Digitisation is the future. Artificial intelligence and data-backed computing will take over all the jobs.”

Statements such as these have started gaining  traction amongst technological evangelists and future thought leaders in the past couple of years. With vocations across banking and information & technology seeing a paradigm shift in their core operations, one can see why these statements hold weight.

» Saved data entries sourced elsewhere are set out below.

(* For every $n\ge 3$, the cycle $C_n$ on $n$ vertices satisfies $\phi(C_n)\le 6^{n/4}$, with equality if and only if $n=4$.
   Context: A subset $F$ of vertices of a graph $G$ is a dissociation set if $G[F]$ has maximum degree at most $1$; a maximal dissociation set is one not properly contained in another dissociation set; $\phi(G)$ is the number of maximal dissociation sets of $G$. *)

theory Defs
  imports Complex_Main
begin

text \<open>A (finite simple) graph is given by a vertex set V and an adjacency
relation E, assumed symmetric and irreflexive where relevant.\<close>

definition dissociation_set :: "'a set \<Rightarrow> ('a \<Rightarrow> 'a \<Rightarrow> bool) \<Rightarrow> 'a set \<Rightarrow> bool" where
  "dissociation_set V E F \<longleftrightarrow>
     F \<subseteq> V \<and> (\<forall>v\<in>F. card {u \<in> F. E v u} \<le> 1)"

definition maximal_dissociation_set :: "'a set \<Rightarrow> ('a \<Rightarrow> 'a \<Rightarrow> bool) \<Rightarrow> 'a set \<Rightarrow> bool" where
  "maximal_dissociation_set V E F \<longleftrightarrow>
     dissociation_set V E F \<and> (\<forall>F'. dissociation_set V E F' \<and> F \<subseteq> F' \<longrightarrow> F' = F)"

definition phi :: "'a set \<Rightarrow> ('a \<Rightarrow> 'a \<Rightarrow> bool) \<Rightarrow> nat" where
  "phi V E = card {F. maximal_dissociation_set V E F}"

definition cycle_adj :: "nat \<Rightarrow> nat \<Rightarrow> nat \<Rightarrow> bool" where
  "cycle_adj n i j \<longleftrightarrow> i < n \<and> j < n \<and> (j = (i + 1) mod n \<or> i = (j + 1) mod n)"

end

theory Submission
  imports Defs
begin

text \<open>
  Reading a maximal dissociation set of \<open>C\<^sub>n\<close> along the path \<open>0, \<dots>, n - 1\<close> gives a
  0/1-word in which no three consecutive letters are equal (dissociation, resp. maximality at
  the middle vertex) and neither 0100 nor 0010 occurs (the isolated vertex could be given a
  partner). The number of such words of length \<open>k\<close> is submultiplicative in \<open>k\<close>; there are
  22 < 6 powr (7/4) of them for \<open>k = 7\<close>, and counting them for \<open>k = 7, \<dots>, 13\<close> gives a strict
  bound for every \<open>n \<ge> 7\<close>. The cycles \<open>C\<^sub>3, \<dots>, C\<^sub>6\<close> have 3, 6, 5 and 5 maximal
  dissociation sets, so equality holds only for \<open>n = 4\<close>.
\<close>

definition window3_ok :: "bool \<Rightarrow> bool \<Rightarrow> bool \<Rightarrow> bool" where
  "window3_ok a b c \<longleftrightarrow> \<not> (a \<and> b \<and> c) \<and> (a \<or> b \<or> c)"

Two fundamental professions that fall under this grouping are professors/teachers and lawyers. Both of these vocations operate under strong human interactions that have been forged over long periods of time. While AI and digitisation are disrupting these two fields immensely, one cannot ignore the various facets that trust and human interaction bring to the forefront.

Changing paradigms

Though technological advancements can help in processing and churning colossal amounts of data, fundamentals such as an eye for detail, perceptive clarity, pragmatic and rational thinking, and assertive analysis shed light on the importance of one’s knowledge and expertise. intelligence and digitisation will largely change the way the professional legal framework functions. These disruptions can improve the productivity of a traditional lawyer in investigating through large chunks of data that appear every day in the form of archives.

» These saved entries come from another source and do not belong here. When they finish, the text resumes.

definition maximal_monotone :: "('a::real_inner \<Rightarrow> 'a set) \<Rightarrow> bool" where
  "maximal_monotone A \<longleftrightarrow> monotone_op A \<and>
     (\<forall>x u. (\<forall>y v. v \<in> A y \<longrightarrow> inner (x - y) (u - v) \<ge> 0) \<longrightarrow> u \<in> A x)"

definition monotone_fun :: "('a::real_inner \<Rightarrow> 'a) \<Rightarrow> bool" where
  "monotone_fun B \<longleftrightarrow> (\<forall>x y. inner (x - y) (B x - B y) \<ge> 0)"

definition lipschitz_op :: "real \<Rightarrow> ('a::real_normed_vector \<Rightarrow> 'a) \<Rightarrow> bool" where
  "lipschitz_op L B \<longleftrightarrow> (\<forall>x y. norm (B x - B y) \<le> L * norm (x - y))"

definition cocoercive :: "real \<Rightarrow> ('a::real_inner \<Rightarrow> 'a) \<Rightarrow> bool" where
  "cocoercive \<beta> C \<longleftrightarrow> (\<forall>x y. inner (x - y) (C x - C y) \<ge> \<beta> * (norm (C x - C y))\<^sup>2)"

text \<open>Resolvent J_{\<gamma>A} = (Id + \<gamma>A)^{-1}: J z is the (unique, for maximal monotone A and
  \<gamma> > 0) point x with z \<in> x + \<gamma> A x.\<close>
definition resolvent :: "real \<Rightarrow> ('a::real_inner \<Rightarrow> 'a set) \<Rightarrow> 'a \<Rightarrow> 'a" where
  "resolvent \<gamma> A z = (THE x. \<exists>u \<in> A x. z = x + \<gamma> *\<^sub>R u)"

definition zer :: "('a::real_vector \<Rightarrow> 'a set) \<Rightarrow> 'a set" where
  "zer T = {x. 0 \<in> T x}"

definition op_sum4 :: "('a::real_vector \<Rightarrow> 'a set) \<Rightarrow> ('a \<Rightarrow> 'a set) \<Rightarrow> ('a \<Rightarrow> 'a) \<Rightarrow> ('a \<Rightarrow> 'a)
    \<Rightarrow> 'a \<Rightarrow> 'a set" where
  "op_sum4 A1 A2 B C x = {a + b + B x + C x | a b. a \<in> A1 x \<and> b \<in> A2 x}"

While carrying out due diligence, a specific sort of record can be indicated as pertinent, pushing AI applications to discover different archives that are also applicable.

Machines are a lot quicker at dealing with reports than people, and can create profits and results that can be factually approved.

They can also help diminish the workload on human workforce by sending out only those archives that are faulty instead of expecting people to audit every single report in search of mistakes.

It’s critical that legitimate research is done in an efficient and thorough way, despite being tedious, and computational intelligence can aid law firms immensely in this process.

In law firms around the globe, experts are kept occupied with leading due diligence strategies that reveal base data in the interest of their customers. This work incorporates affirming statistical data points and altogether assessing the choices on earlier cases to adequately give guidance to their customers.

Computational intelligence has the ability to break down information to enable it to make predictions. These results at the offset can define the probability of results based on years of data.

With AI coming into place, an archive can be evaluated in merely seconds. It can perceive critical language and evaluate issues, finding and distinguishing similitudes depending on the past authoritative language from which the machine has been prepared. The machine can also recognise language, including the diverse areas that require examination, in the form of risk, reimbursement, tax assessment, and protection issues.

All in all, it is time for prospective lawyers to embrace this disruption since law as a vocation revolves majorly around complex human interaction, which can never be automated by Artificial Intelligence.